Siegele & Haley Pottery
Susy Siegele and Mike Haley have been working with colored clay since 1976 when they became interested in developing clay bodies in a range of hues and shades while studying with ceramicist and sculptor J. Brough Miller at Texas Woman’s University. Haley did his master’s thesis utilizing colored clay in raku firing, while Siegele was experimenting with a series of colored porcelain bodies for high-fired work while she worked on her undergraduate degree.
These early experiments led to the development of the distinctive colored porcelain dinnerware that continues to be the mainstay of their pottery studio on Buzzard Mountain in the Ozarks hills of Northwest Arkansas.
Nearly all of their work is slab-constructed, although they spent a couple of years in the late 1970s doing wheel-thrown wood-fired pieces while Haley was employed at Old City Park, a living-history museum in Dallas, Texas, recreating late-nineteenth-century salt-glazed utilitarian ware.
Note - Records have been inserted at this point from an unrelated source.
lemma exists_square_root_mod_power:
  fixes P :: "'a::{field,finite} poly"
  assumes two: "(2::'a) \<noteq> 0" and P: "prime_elem P" "degree P > 0"
    and y: "P ^ n dvd y - C\<^sub>0\<^sup>2" and nd: "\<not> P ^ n dvd C\<^sub>0\<^sup>2"
  obtains C where "P ^ \<mu> dvd y - C\<^sup>2"
proof -
  have "C\<^sub>0 \<noteq> 0" using nd by auto
  then obtain a C' where C: "C\<^sub>0 = P ^ a * C'" "\<not> P dvd C'"
    using exists_power_times_coprime[OF P(2)] by metis
  \<comment> \<open>Since \<open>P\<^sup>n \<nmid> C\<^sub>0\<^sup>2\<close>, we have \<open>2a < n\<close> and \<open>y = P\<^sup>2\<^sup>a u\<close> with \<open>u \<equiv> C'\<^sup>2 (mod P)\<close>.\<close>
  have "2 * a < n"
  proof (rule ccontr)
    assume "\<not> 2 * a < n"
    then have "P ^ n dvd P ^ (a * 2)" by (intro le_imp_power_dvd) simp
    then have "P ^ n dvd (P ^ a)\<^sup>2" by (simp add: power_mult)
    then have "P ^ n dvd C\<^sub>0\<^sup>2" using C(1) dvd_mult2 by (simp add: power_mult_distrib)
    with nd show False ..
  qed
  then obtain e where "n = Suc (2 * a + e)" using less_imp_Suc_add by blast
  then have n: "P ^ n = (P ^ a)\<^sup>2 * P ^ Suc e" by (simp add: power_add power_even_eq[symmetric])
  obtain k where k: "y - C\<^sub>0\<^sup>2 = P ^ n * k" using y by (elim dvdE)
  define u where "u = C'\<^sup>2 + P ^ Suc e * k"
  have yu: "y = (P ^ a)\<^sup>2 * u"
    using k unfolding n C(1) u_def by (simp add: algebra_simps power_mult_distrib)
  have "P dvd u - C'\<^sup>2" by (simp add: u_def)
  then obtain c where c: "P ^ \<mu> dvd u - c\<^sup>2"
    by (rule exists_square_root_mod_power_if_coprime[OF two P(1) C(2)])
  have "y - (P ^ a * c)\<^sup>2 = (P ^ a)\<^sup>2 * (u - c\<^sup>2)"
    unfolding yu by (simp add: algebra_simps power_mult_distrib)
  then have "P ^ \<mu> dvd y - (P ^ a * c)\<^sup>2" using c by simp
  then show ?thesis by (rule that)
qed

lemma prime_elem_T_poly: "prime_elem (T_poly :: 'a::field poly)"
  unfolding T_poly_def
  by (rule field_poly_irreducible_imp_prime, rule irreducible_linear_field_poly) simp

lemma monic_irred_dvd_T_poly_imp_eq:
  fixes P :: "'a::field poly"
  assumes P: "monic_irred P" and dvd: "P dvd T_poly"
  shows "P = T_poly"
proof -
  obtain r where r: "T_poly = P * r" using dvd by (elim dvdE)
  have P0: "P \<noteq> 0" and "degree P > 0" using monic_irredD[OF P] by auto
  have r0: "r \<noteq> 0" using r by auto
  have "degree (P * r) = degree P + degree r" by (rule degree_mult_eq[OF P0 r0])
  with \<open>degree P > 0\<close> have dr: "degree r = 0" by (simp add: r[symmetric])
  have "lead_coeff (P * r) = lead_coeff P * lead_coeff r" by (rule lead_coeff_mult)
  then have "coeff r 0 = 1" using P dr by (simp add: r[symmetric] monic_irred_def T_poly_def)
  then have "r = 1" using degree_0_id[OF dr] by (simp add: one_pCons)
  with r show ?thesis by simp
qed

lemma sq_form_lift_if_not_dvd_square:
  fixes P :: "'a::{field,finite} poly"
  assumes "(2::'a) \<noteq> 0" "prime_elem P" "degree P > 0"
    and "P ^ n dvd z - (A\<^sup>2 + T_poly * B\<^sup>2)" "\<not> P ^ n dvd A\<^sup>2"
  obtains A' B' where "P ^ \<mu> dvd z - (A'\<^sup>2 + T_poly * B'\<^sup>2)"
proof -
  have "P ^ n dvd (z - T_poly * B\<^sup>2) - A\<^sup>2"
    using assms(4) by (simp add: algebra_simps)
  then obtain C where "P ^ \<mu> dvd (z - T_poly * B\<^sup>2) - C\<^sup>2"
    using exists_square_root_mod_power[OF assms(1-3) _ assms(5)] by metis
  then have "P ^ \<mu> dvd z - (C\<^sup>2 + T_poly * B\<^sup>2)" by (simp add: algebra_simps)
  then show ?thesis by (rule that)
qed

lemma sq_form_lift_T_poly:
  fixes z :: "'a::{field,finite} poly"
  assumes two: "(2::'a) \<noteq> 0"
    and z: "T_poly ^ n dvd z - (A\<^sup>2 + T_poly * B\<^sup>2)" and nd: "\<not> T_poly ^ n dvd T_poly * B\<^sup>2"
  obtains A' B' where "T_poly ^ \<mu> dvd z - (A'\<^sup>2 + T_poly * B'\<^sup>2)"
proof -
  obtain m where n: "n = Suc m" using nd by (cases n) auto
  have "T_poly dvd T_poly ^ n" by (simp add: n)
  then have "T_poly dvd z - (A\<^sup>2 + T_poly * B\<^sup>2)" using z by (rule dvd_trans)
  then have "T_poly dvd (z - (A\<^sup>2 + T_poly * B\<^sup>2)) + T_poly * B\<^sup>2" by (rule dvd_add) simp
  then have "T_poly dvd z - A\<^sup>2" by (simp add: algebra_simps)
  then obtain y where y: "z - A\<^sup>2 = T_poly * y" by (elim dvdE)
  have "z - (A\<^sup>2 + T_poly * B\<^sup>2) = T_poly * (y - B\<^sup>2)" using y by (simp add: algebra_simps)
  with z have "T_poly ^ m dvd y - B\<^sup>2" by (simp add: n)
  moreover have "\<not> T_poly ^ m dvd B\<^sup>2" using nd by (simp add: n)
  ultimately obtain C where "T_poly ^ \<mu> dvd y - C\<^sup>2"
    using exists_square_root_mod_power[OF two prime_elem_T_poly] by (metis degree_T_poly zero_less_one)
  moreover have "z - (A\<^sup>2 + T_poly * C\<^sup>2) = T_poly * (y - C\<^sup>2)" using y by (simp add: algebra_simps)
  ultimately have "T_poly ^ \<mu> dvd z - (A\<^sup>2 + T_poly * C\<^sup>2)" by (simp add: dvd_mult)
  then show ?thesis by (rule that)
qed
Siegele and Haley are still under the influence of wood-firing: in their current work, wood is added as a fuel during the last twelve or fourteen hours of each firing, from roughly 1600°F through 2400°F. This is to take advantage of the effects of the fly ash on the porcelain surface, and for the even temperature distribution and rich reduction that results from wood-firing.
Siegele and Haley use metallic oxides that are put into the porcelain clay body. After a few months of aging, these different-colored bodies are stacked, sliced, extruded, or otherwise manipulated into patterned loaves that weigh up to a hundred pounds. These large loaves are then sliced into thin slabs, revealing the pattern. From these thin slabs, Siegele and Haley make platters, bowls, and teapots using balloons, rolling pins, and various hand tools.
In 1993, they were selected by the director of the Smithsonian’s Renwick Gallery to donate a representative piece of their colored porcelain to the White House Collection of American Crafts, first exhibited in National Museum of American Art in Washington DC and later at the American Craft Museum in New York, and other major museums around the country.
Siegele and Haley have been featured in Studio Potter magazine and in the book Clay and Glazes for the Potter by Robin Hopper. Their story was profiled in Hopper’s book Staying Alive, published in March 2003. In British potter Jo Connell’s 2007 book Colouring Clay, Siegele and Haley’s color clay work was included as one of two American clay artists chosen to represent colored clay work in the U.S. In addition, Siegele’s tilework was included in 500 Tiles, published by Lark Books in 2007. And, when Gerald Carr, the commander of Apollo 12 mission, needed gifts for all the Soviet cosmonauts who had orbited the earth, he came to Siegele and Haley.